The problem you have in understanding how it could happen is a result of your belief that tax cuts spur job growth.

Tax cuts do not creat jobs.    It's a lie that has been proven to be a lie over and over and over again.

http://www.businessinsider.com/study-tax-cuts-dont-lead-to-growth-2012-9


If you want to create jobs change the incentive of the tax structure.   An increase in capital gains is a good start.


----------



## LAM (Nov 10, 2012)

Swiper said:


> Do you think raising taxes will create jobs?



lowering them certainly does not.  the CRS report shows all it does it grow inequality which makes the economy sluggish and helps to increase the deficit.

Congressional Research Office - Taxes and the Economy: An Economic Analysis of the Top Tax Rates Since 1945


Raising Today?s Low Capital Gains Tax Rates Could Promote Economic Efficiency and Fairness, While Helping Reduce Deficits


----------



## Swiper (Nov 10, 2012)

hoyle21 said:


> The problem you have in understanding how it could happen is a result of your belief that tax cuts spur job growth.
> 
> Tax cuts do not creat jobs.    It's a lie that has been proven to be a lie over and over and over again.
> 
> ...




some economists say it does, some say it does not create jobs when taxes are lowered. so you can pick and choose all you want. 

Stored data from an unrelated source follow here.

text \<open>
  Both sides equal \<open>\<lambda>\<^sub>s(\<lambda>\<^sub>e(f(s\<inverse>,s)\<inverse>)) f(s,e)\<close>: on the left by the twisting rule
  for \<open>\<lambda>\<^sub>s\<lambda>\<^sub>e\<close>, on the right since \<open>\<lambda>\<^sub>e\<close> multiplies by \<open>\<alpha>(e)\<close> and
  \<open>\<lambda>\<^sub>s(f(s\<inverse>,s)) = f(s,s\<inverse>)\<close>.
\<close>
lemma f_lam_sinv_f:
  assumes s: "s \<in> S" and e: "e \<in> ES"
  shows "f s e \<odot> lam (s \<star> e) (iA (f (iS s) s)) = \<alpha> (s \<star> e \<star> iS s) \<odot> iA (f s (iS s)) \<odot> f s e"
proof -
  define G where "G = f (iS s) s"
  define E' where "E' = \<alpha> (s \<star> e \<star> iS s)"
  define Y where "Y = lam (s \<star> e) (iA G)"
  have GA: "G \<in> A" and E'A: "E' \<in> A" and YA: "Y \<in> A" and fA: "f s e \<in> A"
    using G_def E'_def Y_def s e by simp_all
  have fse: "f s e \<in> A.gp E'" using f_s_idem_group_part[OF s e] E'_def by simp
  have "lam s (lam e (iA G)) = f s e \<odot> Y \<odot> iA (f s e)"
    using lam_lam[OF s idems_S_closed[OF e], of "iA G"] GA Y_def by simp
  moreover have "lam s (lam e (iA G)) = E' \<odot> iA (f s (iS s))"
    using lam_idem[OF e] lam_mult[OF s, of "\<alpha> e" "iA G"] e GA lam_alpha[OF s e]
      lam_sinv_f_sinv_s[OF s] E'_def G_def
    by simp
  ultimately have conj: "f s e \<odot> Y \<odot> iA (f s e) = E' \<odot> iA (f s (iS s))" by simp
  have "f s e \<odot> Y = f s e \<odot> (E' \<odot> Y)"
    using A.group_part_right_unit[OF fse] A.mult_assoc[OF fA E'A YA] by simp
  also have "\<dots> = f s e \<odot> Y \<odot> E'"
    using A.central[OF _ YA] A.group_part_idem[OF fse] A.mult_assoc[OF fA YA E'A] by simp
  also have "\<dots> = f s e \<odot> Y \<odot> (iA (f s e) \<odot> f s e)"
    using A.group_partD[OF fse] by simp
  also have "\<dots> = E' \<odot> iA (f s (iS s)) \<odot> f s e"
    using conj fA YA A.mult_assoc[of "f s e \<odot> Y" "iA (f s e)" "f s e"] by simp
  finally show ?thesis unfolding Y_def G_def E'_def .
qed

lemma rho_conj:
  assumes s: "s \<in> S" and e: "e \<in> ES" and a: "a \<in> A.gp (\<alpha> e)"
  shows "mul (mul (rho s) (a, e)) (sinv CC mul (rho s)) =
    (lam s a \<odot> iA (f s (iS s)) \<odot> f s e \<odot> f (s \<star> e) (iS s), s \<star> e \<star> iS s)"
proof -
  define E1 where "E1 = \<alpha> (s \<star> iS s)"
  define E' where "E' = \<alpha> (s \<star> e \<star> iS s)"
  define Y where "Y = lam (s \<star> e) (iA (f (iS s) s))"
  have aA: "a \<in> A" using a A.group_partD by blast
  have E1A: "E1 \<in> A" and E'A: "E' \<in> A" and YA: "Y \<in> A" and FA: "f s (iS s) \<in> A"
    using E1_def E'_def Y_def s e by simp_all
  have la: "lam s a \<in> A.gp E'"
    using A.endo_group_part[OF lam_endo[OF s] a] lam_alpha[OF s e] E'_def by simp
  have "mul (mul (rho s) (a, e)) (sinv CC mul (rho s)) =
      (E1 \<odot> lam s a \<odot> f s e \<odot> Y \<odot> f (s \<star> e) (iS s), s \<star> e \<star> iS s)"
    unfolding sinv_cp_rho[OF s] cp_mult_Pair Y_def E1_def by simp
  also have "E1 \<odot> lam s a \<odot> f s e \<odot> Y = E1 \<odot> lam s a \<odot> (f s e \<odot> Y)"
    using E1A s aA e YA by (simp add: A.mult_assoc)
  also have "\<dots> = E1 \<odot> (lam s a \<odot> E') \<odot> iA (f s (iS s)) \<odot> f s e"
    unfolding Y_def f_lam_sinv_f[OF s e] E'_def[symmetric]
    using E1A s aA e E'A FA by (simp add: A.mult_assoc)
  also have "\<dots> = E1 \<odot> (E' \<odot> lam s a) \<odot> iA (f s (iS s)) \<odot> f s e"
    using A.group_part_left_unit[OF la] A.group_part_right_unit[OF la] by simp
  also have "\<dots> = lam s a \<odot> iA (f s (iS s)) \<odot> f s e"
    using A.group_part_left_unit[OF la] A.mult_assoc[OF E1A E'A, of "lam s a"]
      alpha_mult_conj(1)[OF s e] E1_def E'_def s aA
    by simp
  finally show ?thesis .
qed

lemma rho_conj_group_part:
  assumes s: "s \<in> S" and e: "e \<in> ES" and a: "a \<in> A.gp (\<alpha> e)"
  shows "lam s a \<odot> iA (f s (iS s)) \<odot> f s e \<odot> f (s \<star> e) (iS s) \<in> A.gp (\<alpha> (s \<star> e \<star> iS s))"
proof -
  define E' where "E' = \<alpha> (s \<star> e \<star> iS s)"
  have E'E': "E' \<odot> E' = E'" using E'_def s e alpha_idem by simp
  have "lam s a \<in> A.gp E'"
    using A.endo_group_part[OF lam_endo[OF s] a] lam_alpha[OF s e] E'_def by simp
  then have "lam s a \<odot> iA (f s (iS s)) \<in> A.gp E'"
    using A.group_part_mult[OF _ A.group_part_sinv[OF f_s_sinv_group_part[OF s]]]
      alpha_mult_conj(2)[OF s e] E'_def
    by metis
  then have "lam s a \<odot> iA (f s (iS s)) \<odot> f s e \<in> A.gp E'"
    using A.group_part_mult[OF _ f_s_idem_group_part[OF s e]] E'E' E'_def by metis
  then show ?thesis
    using A.group_part_mult[OF _ f_mult_idem_sinv_group_part[OF s e]] E'E' E'_def by metis
qed

lemma induced_lambda_rho:
  assumes s: "s \<in> S" and a: "a \<in> A"
  shows "induced_lambda A CC mul incl rho s a =
    (let e = inv_into ES \<alpha> (a \<odot> iA a) in
       lam s a \<odot> iA (f s (iS s)) \<odot> f s e \<odot> f (s \<star> e) (iS s))"
proof -
  define e where "e = inv_into ES \<alpha> (a \<odot> iA a)"
  have e: "e \<in> ES" and "\<alpha> e = a \<odot> iA a"
    using alpha_inv_into[OF A.mult_sinv_idem[OF a]] e_def by auto
  then have ae: "a \<in> A.gp (\<alpha> e)" using A.group_partI[OF a] by simp
  show ?thesis
    unfolding induced_lambda_def cp_incl_group_part[OF e ae] rho_conj[OF s e ae]
      cp_incl_group_part[OF conj_idems_S[OF s e] rho_conj_group_part[OF s e ae], symmetric]
    using inv_into_cp_incl rho_conj_group_part[OF s e ae] A.group_partD e_def
    by (simp add: Let_def)
qed

end

theorem proposition3p19:
  fixes A :: "'a set" and mA :: "'a \<Rightarrow> 'a \<Rightarrow> 'a"
    and S :: "'s set" and mS :: "'s \<Rightarrow> 's \<Rightarrow> 's"
    and \<alpha> :: "'s \<Rightarrow> 'a" and lam :: "'s \<Rightarrow> 'a \<Rightarrow> 'a" and f :: "'s \<Rightarrow> 's \<Rightarrow> 'a"
  assumes "semilattice_of_groups A mA"
    and "inverse_semigroup S mS"
    and "twisted_module A mA S mS \<alpha> lam f"
  defines "C \<equiv> cp_carrier A mA S mS \<alpha>"
    and "mC \<equiv> cp_mult mA mS lam f"
    and "i \<equiv> cp_incl A mA S mS \<alpha>"
    and "\<rho> \<equiv> (\<lambda>s. (\<alpha> (mS s (sinv S mS s)), s))"
  shows "transversal C mC S mS snd \<rho> \<and>
    (\<forall>e\<in>idems S mS. induced_alpha A i \<rho> e = \<alpha> e) \<and>
    (\<forall>s\<in>S. \<forall>a\<in>A. induced_lambda A C mC i \<rho> s a =
        (let e = inv_into (idems S mS) \<alpha> (mA a (sinv A mA a)) in
         mA (mA (mA (lam s a) (sinv A mA (f s (sinv S mS s)))) (f s e))
            (f (mS s e) (sinv S mS s)))) \<and>
    (\<forall>s\<in>S. \<forall>t\<in>S. induced_f A mA S mS C mC i \<rho> s t = f s t)"
proof -
  interpret twisted_module_on A mA S mS \<alpha> lam f
    using assms(1-3) by (simp add: twisted_module_on_def)
  show ?thesis
    unfolding C_def mC_def i_def \<rho>_def
    using rho_transversal induced_alpha_rho induced_lambda_rho induced_f_rho
    by blast
qed

end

So how does raising the capital gains tax create jobs?


----------



## Swiper (Nov 10, 2012)

LAM said:


> lowering them certainly does not.  the CRS report shows all it does it grow inequality which makes the economy sluggish and helps to increase the deficit.
> 
> Congressional Research Office - Taxes and the Economy: An Economic Analysis of the Top Tax Rates Since 1945
> 
> ...



 does raising them create jobs?


----------



## LAM (Nov 10, 2012)

Swiper said:


> some economists say it does, some say it does not create jobs when taxes are lowered. so you can pick and choose all you want.
> 
> So how does raising the capital gains tax create jobs?



and the ones that say lowering them does do not write papers that are heavily cited and do not win noble prizes in economics.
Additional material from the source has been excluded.